Enter Pyotr, the agricultural student. He is waiting for the dancer from the distant capital, but instead, he is met by his own wife, disguised as the dancer. He fails to recognize her. Joking and flirting with him, Zina disappears into the bushes. This lyrical scene gives way to slapstick. The old dacha dweller and male dancer disguised as the ballerina now come running in. ‘Romantic passions’ reach an all-time high. The ballerina, dressed in male clothing, comes out from behind the bushes, and makes a scene. She demands satisfaction from the dacha dweller. There follows a comic duel.
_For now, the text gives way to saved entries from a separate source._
(* In the counterexample, nature moves from the initial state 0 to state 1 or 2, and from there
   to an absorbing zero-reward state 3. Since the worst case is taken separately for r and g,
   the target V_r - V_g at state 0 is gamma times (min of the r-values at 1, 2) minus (min of the
   g-values at 1, 2), which is not determined by the actions taken at states 1 and 2 separately:
   there are policies pi1, pi2 with the same target while the policy pi3 acting like pi1 at
   state 1 and like pi2 at state 2 has a different one.
   A linear operator T^pi v (s) depends on pi only through pi(s), and a contraction depends on v
   only through its values on S; so the common target of pi1 and pi2 is a fixed point of T^pi3,
   contradicting uniqueness of the fixed point of T^pi3. *)

lemma linear_consistency_local:
  assumes "linear_consistency S A T" "is_policy S A \<pi>" "is_policy S A \<pi>'"
    and "s \<in> S" "\<pi> s = \<pi>' s"
  shows "T \<pi> v s = T \<pi>' v s"
  using assms unfolding linear_consistency_def by metis

lemma contraction_to_congruent:
  assumes "contraction_to S A \<gamma> T V" "finite S" "is_policy S A \<pi>"
    and "\<forall>s\<in>S. v s = w s" "s \<in> S"
  shows "T \<pi> v s = T \<pi> w s"
proof -
  have "(\<lambda>s. \<bar>v s - w s\<bar>) ` S = {0}"
    using assms(4,5) by auto
  then have "supnorm S (\<lambda>s. v s - w s) = 0"
    by (simp add: supnorm_def)
  moreover have "\<bar>T \<pi> v s - T \<pi> w s\<bar> \<le> supnorm S (\<lambda>s. T \<pi> v s - T \<pi> w s)"
    unfolding supnorm_def using assms(2,5) by auto
  moreover have "supnorm S (\<lambda>s. T \<pi> v s - T \<pi> w s) \<le> \<gamma> * supnorm S (\<lambda>s. v s - w s)"
    using assms(1,3) unfolding contraction_to_def by blast
  ultimately show ?thesis
    by simp
qed

lemma linear_consistency_splice_fixed_point:
  assumes lin: "linear_consistency S A T" and con: "contraction_to S A \<gamma> T V"
    and "finite S"
    and pol: "is_policy S A \<pi>\<^sub>1" "is_policy S A \<pi>\<^sub>2" "is_policy S A \<pi>"
    and splice: "\<forall>s\<in>S. \<pi> s = \<pi>\<^sub>1 s \<or> \<pi> s = \<pi>\<^sub>2 s"
    and agree: "\<forall>s\<in>S. V \<pi>\<^sub>1 s = V \<pi>\<^sub>2 s"
  shows "\<forall>s\<in>S. V \<pi> s = V \<pi>\<^sub>1 s"
proof -
  have fixed: "\<forall>s\<in>S. T \<pi>' (V \<pi>') s = V \<pi>' s"
    and unique: "\<And>v. \<forall>s\<in>S. T \<pi>' v s = v s \<Longrightarrow> \<forall>s\<in>S. v s = V \<pi>' s"
    if "is_policy S A \<pi>'" for \<pi>'
    using con that unfolding contraction_to_def by blast+
  have "T \<pi> (V \<pi>\<^sub>1) s = V \<pi>\<^sub>1 s" if s: "s \<in> S" for s
  proof -
    from splice s consider "\<pi> s = \<pi>\<^sub>1 s" | "\<pi> s = \<pi>\<^sub>2 s"
      by blast
    then show ?thesis
    proof cases
      assume "\<pi> s = \<pi>\<^sub>1 s"
      then have "T \<pi> (V \<pi>\<^sub>1) s = T \<pi>\<^sub>1 (V \<pi>\<^sub>1) s"
        using linear_consistency_local[OF lin pol(3,1) s] by blast
      then show ?thesis
        using fixed[OF pol(1)] s by simp
    next
      assume "\<pi> s = \<pi>\<^sub>2 s"
      then have "T \<pi> (V \<pi>\<^sub>1) s = T \<pi>\<^sub>2 (V \<pi>\<^sub>1) s"
        using linear_consistency_local[OF lin pol(3,2) s] by blast
      also have "\<dots> = T \<pi>\<^sub>2 (V \<pi>\<^sub>2) s"
        using contraction_to_congruent[OF con \<open>finite S\<close> pol(2) agree s] .
      finally show ?thesis
        using fixed[OF pol(2)] agree s by simp
    qed
  qed
  then show ?thesis
    using unique[OF pol(3), of "V \<pi>\<^sub>1"] by auto
qed

definition point_mass :: "nat \<Rightarrow> nat \<Rightarrow> real" where
  "point_mass k x = (if x = k then 1 else 0)"

definition deterministic_policy :: "(nat \<Rightarrow> nat) \<Rightarrow> nat \<Rightarrow> nat \<Rightarrow> real" where
  "deterministic_policy d s = point_mass (d s)"

definition policy_reward :: "nat set \<Rightarrow> (nat \<Rightarrow> nat \<Rightarrow> real) \<Rightarrow> (nat \<Rightarrow> nat \<Rightarrow> real) \<Rightarrow> nat \<Rightarrow> real"
  where "policy_reward A \<pi> u s = (\<Sum>a\<in>A. \<pi> s a * u s a)"

lemma sum_point_mass_mult:
  assumes "finite X" "k \<in> X"
  shows "(\<Sum>x\<in>X. point_mass k x * F x) = F k"
  using assms by (simp add: point_mass_def if_distrib[of "\<lambda>c. c * F _"] cong: if_cong)

lemma distr_point_mass: "finite X \<Longrightarrow> k \<in> X \<Longrightarrow> distr X (point_mass k)"
  using sum_point_mass_mult[of X k "\<lambda>_. 1"] by (simp add: distr_def point_mass_def)

lemma is_policy_deterministic:
  "finite A \<Longrightarrow> \<forall>s\<in>S. d s \<in> A \<Longrightarrow> is_policy S A (deterministic_policy d)"
  by (simp add: is_policy_def deterministic_policy_def distr_point_mass)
The first to fire is the disguised ballerina. She misses. Now the old dacha dweller is handed a pistol. Though he is frightened, he takes aim. Simultaneously, Gavrilych bangs a pail, and the old man thinks he has fired. Immediately the ballerina’s partner falls to the ground as though shot. The horrified dacha dweller takes to his heels. No sooner has he disappeared, than the ‘victim’ comes to life and dances amid the laughter of the delighted plotters.
The beginning of the morning of the following day. The harvest festival. In the meadow, an improvised stage for the artistes. All the seats are taken. Pyotr, the agricultural student, is waiting on tenterhooks for the show to begin so that he can see the ballerina whom (he thinks) he met last night in the woods.
But to his great astonishment two dancers, dressed exactly alike, appear on stage, their faces hidden by masks. Their dance over, Pyotr, unable to restrain himself, rushes towards them. They raise their veils and the secret is out. Pyotr, who sees one of the ballerinas is his wife, timidly begs her forgiveness. Eventually they are reconciled. Pyotr has learnt his lesson: he now knows that his modest Zina is both a first-class worker and a marvelous ballerina. The festival ends with a general dance in which alt young and old take part, together with the guest artistes.